Accuracy Tuning Workflow

Background of Accuracy Tuning

After the ported model is trained on Ascend AI Processor (NPU for short) and functions properly, the accuracy may not meet the requirements or the convergence effect may be poor. When the ported model is executed on Ascend AI Processor, the problems that may be encountered include but are not limited to the following:

  • The loss curve differs greatly from that of the benchmark model.
  • The validation accuracy differs greatly from that of the benchmark model.

These accuracy issues are difficult to locate due to the following reasons:

  • The training is completed without exceptions.
  • No warning or error is recorded in logs.
  • The differences are found only when compared with the benchmark model.

This section provides guidance for you to tune the accuracy.

Accuracy Tuning Analysis

The possible causes of accuracy issues are as follows:

  1. Bad benchmark model
  2. Improper model porting
  3. Operator accuracy errors

The following flowchart summarizes the workflow for accuracy tuning with the possible causes highlighted.

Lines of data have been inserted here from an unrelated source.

lemma polynomial_loop_adjoint_mult:
  assumes "polynomial_loop n r P" and "polynomial_loop n r Q"
  obtains R where "\<forall>i\<in>{1..n}. \<forall>j\<in>{1..n}. degree (R i j) \<le> 2 * r"
    and "\<forall>l\<in>sphere 0 1. \<forall>i\<in>{1..n}. \<forall>j\<in>{1..n}. poly (R i j) l = l ^ r * mmul n (ctr (Q l)) (P l) i j"
proof -
  obtain Pp where Pp: "\<forall>i\<in>{1..n}. \<forall>j\<in>{1..n}.
      degree (Pp i j) \<le> r \<and> (\<forall>l\<in>sphere 0 1. P l i j = poly (Pp i j) l)"
    using assms(1) unfolding polynomial_loop_def by blast
  obtain Qp where Qp: "\<forall>i\<in>{1..n}. \<forall>j\<in>{1..n}.
      degree (Qp i j) \<le> r \<and> (\<forall>l\<in>sphere 0 1. Q l i j = poly (Qp i j) l)"
    using assms(2) unfolding polynomial_loop_def by blast
  define R where "R i j = (\<Sum>q\<in>{1..n}. conj_reflect r (Qp q i) * Pp q j)" for i j
  show ?thesis
  proof
    show "\<forall>i\<in>{1..n}. \<forall>j\<in>{1..n}. degree (R i j) \<le> 2 * r"
      unfolding R_def using Pp degree_conj_reflect[of r]
      by (auto intro!: degree_sum_le order.trans[OF degree_mult_le] simp: mult_2 add_mono)
    show "\<forall>l\<in>sphere 0 1. \<forall>i\<in>{1..n}. \<forall>j\<in>{1..n}. poly (R i j) l = l ^ r * mmul n (ctr (Q l)) (P l) i j"
      using Pp Qp by (auto simp: R_def poly_sum poly_conj_reflect mmul_def ctr_def sum_distrib_left mult.assoc)
  qed
qed

lemma low_coeffs_eq_0_of_unitary_factorization:
  assumes Q: "\<forall>l\<in>sphere 0 1. unitary_mat n (Q l)"
    and X: "holomorphic_on_disc n X" "meq n (mmul n (X 0) C) idm" and Y: "holomorphic_on_disc n Y"
    and PX_QY: "\<forall>l\<in>sphere 0 1. meq n (mmul n (P l) (X l)) (mmul n (Q l) (Y l))"
    and R: "\<forall>l\<in>sphere 0 1. \<forall>i\<in>{1..n}. \<forall>j\<in>{1..n}. poly (R i j) l = l ^ r * mmul n (ctr (Q l)) (P l) i j"
  shows "k < r \<Longrightarrow> \<forall>i\<in>{1..n}. \<forall>j\<in>{1..n}. coeff (R i j) k = 0"
proof (rule low_coeffs_eq_0_of_disc_factorization[OF X(1) Y X(2)], intro ballI)
  fix l :: complex assume l: "l \<in> sphere 0 1"
  have "meq n (\<lambda>i j. poly (R i j) l) (msc (l ^ r) (mmul n (ctr (Q l)) (P l)))"
    using R l by (simp add: meq_def msc_def)
  then have "meq n (mmul n (\<lambda>i j. poly (R i j) l) (X l)) (msc (l ^ r) (mmul n (ctr (Q l)) (mmul n (P l) (X l))))"
    using mmul_cong[OF _ meq_refl] by (fastforce simp: mmul_msc_left mmul_assoc)
  also have "meq n \<dots> (msc (l ^ r) (mmul n (mmul n (ctr (Q l)) (Q l)) (Y l)))"
    using PX_QY l by (simp add: msc_cong mmul_cong mmul_assoc)
  also have "meq n \<dots> (msc (l ^ r) (mmul n idm (Y l)))"
    using Q l by (simp add: msc_cong mmul_cong unitary_mat_def)
  also have "meq n \<dots> (msc (l ^ r) (Y l))"
    by (simp add: msc_cong mmul_idm_left)
  finally show "meq n (mmul n (\<lambda>i j. poly (R i j) l) (X l)) (msc (l ^ r) (Y l))" .
qed
lemma ketbra_pauli_expansion:
  assumes y: "y < 2 ^ n"
  shows "ketbra n y = pauli_expansion n {..<2 ^ n} (ketbra_coeff n y) (z_label n)"
proof (rule eq_matI)
  fix r c
  assume "r < dim_row (pauli_expansion n {..<2 ^ n} (ketbra_coeff n y) (z_label n))"
    "c < dim_col (pauli_expansion n {..<2 ^ n} (ketbra_coeff n y) (z_label n))"
  then have r: "r < 2 ^ n" and c: "c < 2 ^ n"
    by (auto simp: pauli_expansion_def)
  define h where "h k b = (if qbit k y = 1 \<and> b = 1 then -1 else 1) * pauli1 (3 * b) (qbit k r) (qbit k c) / 2"
    for k b
  have factor: "h k 0 + h k 1 = (if qbit k r = qbit k y \<and> qbit k c = qbit k y then 1 else 0)" for k
    using qbit_less_2[of k r] qbit_less_2[of k c] qbit_less_2[of k y]
    by (auto simp: h_def pauli1_def less_Suc_eq)
  have "pauli_expansion n {..<2 ^ n} (ketbra_coeff n y) (z_label n) $$ (r, c) = (\<Sum>z<2 ^ n. \<Prod>k<n. h k (qbit k z))"
    using r c
    by (simp add: pauli_expansion_index ketbra_coeff_def pauli_entry_def z_label_def h_def
        prod_dividef prod.distrib)
  also have "\<dots> = (\<Prod>k<n. if qbit k r = qbit k y \<and> qbit k c = qbit k y then 1 else 0)"
    unfolding sum_prod_qbit factor ..
  also have "\<dots> = (if r = y \<and> c = y then 1 else 0)"
    using eq_if_qbit_eq[OF r y] eq_if_qbit_eq[OF c y] by (auto intro: prod_zero)
  finally show "ketbra n y $$ (r, c) = pauli_expansion n {..<2 ^ n} (ketbra_coeff n y) (z_label n) $$ (r, c)"
    using r c by (simp add: ketbra_def)
qed (auto simp: ketbra_def pauli_expansion_def)

section \<open>Clifford unitaries permute Pauli labels\<close>

lemma one_smult_mat: "(1::complex) \<cdot>\<^sub>m A = A"
  by (intro eq_matI) auto

definition clifford_image :: "nat \<Rightarrow> complex mat \<Rightarrow> (nat \<Rightarrow> nat) \<Rightarrow> complex \<times> (nat \<Rightarrow> nat)" where
  "clifford_image n V s = (SOME (\<phi>, t). \<phi> \<in> {1, -1, \<i>, -\<i>} \<and> t \<in> pauli_labels n \<and>
      V * pauli_string n s * dagger V = \<phi> \<cdot>\<^sub>m pauli_string n t)"

definition clifford_phase :: "nat \<Rightarrow> complex mat \<Rightarrow> (nat \<Rightarrow> nat) \<Rightarrow> complex" where
  "clifford_phase n V s = fst (clifford_image n V s)"

definition clifford_label :: "nat \<Rightarrow> complex mat \<Rightarrow> (nat \<Rightarrow> nat) \<Rightarrow> nat \<Rightarrow> nat" where
  "clifford_label n V s = snd (clifford_image n V s)"

lemma clifford_conj_pauli_string:
  assumes V: "clifford n V" and s: "s \<in> pauli_labels n"
  shows "clifford_phase n V s \<in> {1, -1, \<i>, -\<i>}" "clifford_label n V s \<in> pauli_labels n"
    "V * pauli_string n s * dagger V = clifford_phase n V s \<cdot>\<^sub>m pauli_string n (clifford_label n V s)"
proof -
  have "pauli_string n s \<in> pauli_group n"
    unfolding pauli_group_def using pauli_labels_less_4[OF s] by (auto intro!: exI[of _ 1] simp: one_smult_mat)
  then have "V * pauli_string n s * dagger V \<in> pauli_group n"
    using V unfolding clifford_def by blast
  then obtain \<phi> t where "\<phi> \<in> {1, -1, \<i>, -\<i>}" "\<forall>k<n. t k < 4"
      "V * pauli_string n s * dagger V = \<phi> \<cdot>\<^sub>m pauli_string n t"
    unfolding pauli_group_def by blast
  then have "\<exists>p. case p of (\<phi>, t) \<Rightarrow> \<phi> \<in> {1, -1, \<i>, -\<i>} \<and> t \<in> pauli_labels n \<and>
      V * pauli_string n s * dagger V = \<phi> \<cdot>\<^sub>m pauli_string n t"
    by (intro exI[of _ "(\<phi>, restrict t {..<n})"])
       (simp add: pauli_string_restrict pauli_labels_def restrict_PiE_iff)
  from someI_ex[OF this] show "clifford_phase n V s \<in> {1, -1, \<i>, -\<i>}" "clifford_label n V s \<in> pauli_labels n"
    "V * pauli_string n s * dagger V = clifford_phase n V s \<cdot>\<^sub>m pauli_string n (clifford_label n V s)"
    unfolding clifford_phase_def clifford_label_def clifford_image_def by (auto split: prod.splits)
qed

lemma norm_clifford_phase: "clifford n V \<Longrightarrow> s \<in> pauli_labels n \<Longrightarrow> cmod (clifford_phase n V s) = 1"
  using clifford_conj_pauli_string(1) by fastforce

text \<open>Conjugation by a unitary preserves the orthogonality of distinct Pauli strings,
  so distinct labels cannot be sent to the same one.\<close>

lemma inj_on_clifford_label:
  assumes V: "clifford n V"
  shows "inj_on (clifford_label n V) (pauli_labels n)"
proof (rule inj_onI, rule ccontr)
  fix s t
  assume s: "s \<in> pauli_labels n" and t: "t \<in> pauli_labels n"
    and eq: "clifford_label n V s = clifford_label n V t" and "s \<noteq> t"
  have U: "unitary_op (2 ^ n) V"
    using V unfolding clifford_def by simp
  have "0 = hs_inner (2 ^ n) (pauli_string n s) (pauli_string n t)"
    using hs_inner_pauli_string[OF s t] \<open>s \<noteq> t\<close> by simp
  also have "\<dots> = hs_inner (2 ^ n) (V * pauli_string n s * dagger V) (V * pauli_string n t * dagger V)"
    by (rule hs_inner_unitary_conj[OF U pauli_string_carrier pauli_string_carrier, symmetric])
  also have "\<dots> = cnj (clifford_phase n V s) * clifford_phase n V t
      * hs_inner (2 ^ n) (pauli_string n (clifford_label n V s)) (pauli_string n (clifford_label n V s))"
    unfolding clifford_conj_pauli_string(3)[OF V s] clifford_conj_pauli_string(3)[OF V t] eq
    by (rule hs_inner_smult[OF pauli_string_carrier pauli_string_carrier])
  also have "\<dots> = cnj (clifford_phase n V s) * clifford_phase n V t * 2 ^ n"
    using hs_inner_pauli_string clifford_conj_pauli_string(2)[OF V s] by simp
  finally show False
    using norm_clifford_phase[OF V s] norm_clifford_phase[OF V t] by auto
qed

section \<open>The state of the noisy circuit\<close>

fun circuit_label :: "nat \<Rightarrow> (nat \<Rightarrow> complex mat) \<Rightarrow> nat \<Rightarrow> nat \<Rightarrow> nat \<Rightarrow> nat" where
  "circuit_label n Us 0 = z_label n"
| "circuit_label n Us (Suc t) = clifford_label n (Us t) \<circ> circuit_label n Us t"

fun circuit_phase :: "nat \<Rightarrow> (nat \<Rightarrow> complex mat) \<Rightarrow> nat \<Rightarrow> nat \<Rightarrow> complex" where
  "circuit_phase n Us 0 z = 1"
| "circuit_phase n Us (Suc t) z = circuit_phase n Us t z * clifford_phase n (Us t) (circuit_label n Us t z)"

definition circuit_damping :: "real \<Rightarrow> nat \<Rightarrow> (nat \<Rightarrow> complex mat) \<Rightarrow> nat \<Rightarrow> nat \<Rightarrow> real" where
  "circuit_damping g n Us t z = (\<Prod>i\<le>t. depol_factor g n (circuit_label n Us i z))"

lemma circuit_damping_nonneg: "g \<le> 1 \<Longrightarrow> 0 \<le> circuit_damping g n Us t z"
  unfolding circuit_damping_def by (intro prod_nonneg) (simp add: depol_factor_nonneg)

lemma circuit_label_in_pauli_labels:
  "\<forall>i<t. clifford n (Us i) \<Longrightarrow> circuit_label n Us t z \<in> pauli_labels n"
  by (induction t) (simp_all add: z_label_in_pauli_labels clifford_conj_pauli_string(2))

lemma inj_on_circuit_label:
  "\<forall>i<t. clifford n (Us i) \<Longrightarrow> inj_on (circuit_label n Us t) {..<2 ^ n}"
proof (induction t)
  case (Suc t)
  have "circuit_label n Us t ` {..<2 ^ n} \<subseteq> pauli_labels n"
    using Suc.prems circuit_label_in_pauli_labels by auto
  then have "inj_on (clifford_label n (Us t)) (circuit_label n Us t ` {..<2 ^ n})"
    using inj_on_clifford_label Suc.prems by (meson inj_on_subset lessI)
  then show ?case
    unfolding circuit_label.simps using Suc by (intro comp_inj_on) auto
qed (simp add: inj_on_z_label)

lemma norm_circuit_phase:
  "\<forall>i<t. clifford n (Us i) \<Longrightarrow> cmod (circuit_phase n Us t z) = 1"
  by (induction t) (simp_all add: norm_mult norm_clifford_phase circuit_label_in_pauli_labels)

lemma noisy_circuit_ketbra:
  assumes "\<forall>i<t. clifford n (Us i)" "y < 2 ^ n"
  shows "noisy_circuit g n Us t (ketbra n y) = pauli_expansion n {..<2 ^ n}
    (\<lambda>z. ketbra_coeff n y z * circuit_phase n Us t z * complex_of_real (circuit_damping g n Us t z))
    (circuit_label n Us t)"
  using assms(1)
proof (induction t)
  case 0
  then show ?case
    using assms(2)
    by (simp add: ketbra_pauli_expansion depol_all_pauli_expansion z_label_in_pauli_labels circuit_damping_def)
next
  case (Suc t)
  have V: "clifford n (Us t)"
    using Suc.prems by simp
  then have "Us t \<in> carrier_mat (2 ^ n) (2 ^ n)"
    unfolding clifford_def unitary_op_def by simp
  then have "Us t * noisy_circuit g n Us t (ketbra n y) * dagger (Us t) = pauli_expansion n {..<2 ^ n}
      (\<lambda>z. ketbra_coeff n y z * circuit_phase n Us (Suc t) z * complex_of_real (circuit_damping g n Us t z))
      (circuit_label n Us (Suc t))"
    using Suc V by (subst Suc.IH, simp, subst conj_pauli_expansion)
      (auto simp: clifford_conj_pauli_string(3) circuit_label_in_pauli_labels comp_def mult_ac)
  then show ?case
    using Suc.prems
    by (simp add: depol_all_pauli_expansion circuit_label_in_pauli_labels circuit_damping_def
        atMost_Suc mult_ac del: circuit_label.simps circuit_phase.simps)
qed

section \<open>The collision probability bound\<close>

lemma mtrace_ketbra_mult:
  assumes "M \<in> carrier_mat (2 ^ n) (2 ^ n)" "x < 2 ^ n"
  shows "mtrace (ketbra n x * M) = M $$ (x, x)"
proof -
  have "mtrace (ketbra n x * M) = (\<Sum>i<2 ^ n. if i = x then M $$ (x, i) else 0)"
    unfolding mtrace_def using assms
    by (intro sum.cong) (auto simp: ketbra_def scalar_prod_def if_distrib[of "\<lambda>a. a * _"] sum.delta cong: if_cong)
  then show ?thesis
    using assms(2) by simp
qed

lemma mtrace_measurement:
  assumes U: "U \<in> carrier_mat (2 ^ n) (2 ^ n)" and \<rho>: "\<rho> \<in> carrier_mat (2 ^ n) (2 ^ n)" and "x < 2 ^ n"
  shows "mtrace (dagger U * ketbra n x * U * \<rho>) = (U * \<rho> * dagger U) $$ (x, x)"
proof -
  have K: "ketbra n x \<in> carrier_mat (2 ^ n) (2 ^ n)"
    by (simp add: ketbra_def)
  have Ud: "dagger U \<in> carrier_mat (2 ^ n) (2 ^ n)"
    using dagger_carrier[OF U] .
  have "mtrace (dagger U * ketbra n x * U * \<rho>) = mtrace (dagger U * (ketbra n x * (U * \<rho>)))"
    using U \<rho> K Ud by (simp add: assoc_mult_mat[of _ "2 ^ n" "2 ^ n" _ "2 ^ n" _ "2 ^ n"])
  also have "\<dots> = mtrace (ketbra n x * (U * \<rho> * dagger U))"
    using U \<rho> K Ud
    by (subst mtrace_mult_comm[of _ "2 ^ n" "2 ^ n"]) (auto simp: assoc_mult_mat[of _ "2 ^ n" "2 ^ n" _ "2 ^ n" _ "2 ^ n"])
  also have "\<dots> = (U * \<rho> * dagger U) $$ (x, x)"
    using U \<rho> Ud assms(3) by (intro mtrace_ketbra_mult) auto
  finally show ?thesis .
qed

text \<open>The squared outcome probabilities are squared diagonal entries of the rotated state,
  hence bounded by its squared Frobenius norm, which the rotation preserves.\<close>

lemma sum_measurement_sq_le:
  assumes U: "unitary_op (2 ^ n) U" and \<rho>: "\<rho> \<in> carrier_mat (2 ^ n) (2 ^ n)"
  shows "(\<Sum>x<2 ^ n. (Re (mtrace (dagger U * ketbra n x * U * \<rho>)))\<^sup>2) \<le> Re (hs_inner (2 ^ n) \<rho> \<rho>)"
proof -
  define M where "M = U * \<rho> * dagger U"
  have "(\<Sum>x<2 ^ n. (Re (mtrace (dagger U * ketbra n x * U * \<rho>)))\<^sup>2) = (\<Sum>x<2 ^ n. (Re (M $$ (x, x)))\<^sup>2)"
    using U \<rho> unfolding unitary_op_def M_def by (intro sum.cong refl) (simp add: mtrace_measurement)
  also have "\<dots> \<le> (\<Sum>x<2 ^ n. (cmod (M $$ (x, x)))\<^sup>2)"
    by (intro sum_mono) (metis abs_Re_le_cmod abs_ge_zero power2_abs power_mono)
  also have "\<dots> \<le> (\<Sum>x<2 ^ n. \<Sum>c<2 ^ n. (cmod (M $$ (x, c)))\<^sup>2)"
    by (intro sum_mono member_le_sum) auto
  also have "\<dots> = Re (hs_inner (2 ^ n) M M)"
    by (simp add: hs_inner_self)
  also have "hs_inner (2 ^ n) M M = hs_inner (2 ^ n) \<rho> \<rho>"
    unfolding M_def by (rule hs_inner_unitary_conj[OF U \<rho> \<rho>])
  finally show ?thesis .
qed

Table 1 Main steps of accuracy tuning

No.

Step

Description

1

Pre-tuning Check

Check the following items before accuracy tuning:

  • Unported script: Check that the benchmark model is qualified.
  • Ported script: Check that no errors occur during model porting.

2

One-Click Accuracy Analyzer Deployment

Before accuracy tuning, install One-Click Accuracy Analyzer on your training NPU.

3

Floating-Point Exception Detection

At network run time, floating-point exceptions happen from time to time. That is, the loss scale decreases many times or directly to 1. In this case, analyze the overflow and underflow data to determine the problem source.

4

Fusion Exception Detection

At network run time, the system fuses operators according to built-in fusion patterns for better network performance. As most fusions are proceeded automatically, it is possible that your model contains an operator that is not yet covered by the fusion implementations, which impacts model accuracy. You can disable fusion to determine whether the problem happens in operator fusion phase.

5

Network Accuracy Comparison

If the accuracy problem does not happen in the steps above, dump the compute result of each operator during the training process and compare the dump data with that of each benchmark operator (such as the TensorFlow equivalents) to quickly spot the faulty operators.

6

Random Error Detection

At network run time, the calculation with the same inputs may produce different outputs. If such random errors happen, you can perform training twice, collect the compute result (that is, dump data) of each operator, and compare the data to quickly locate the fishy operator layer that causes the errors.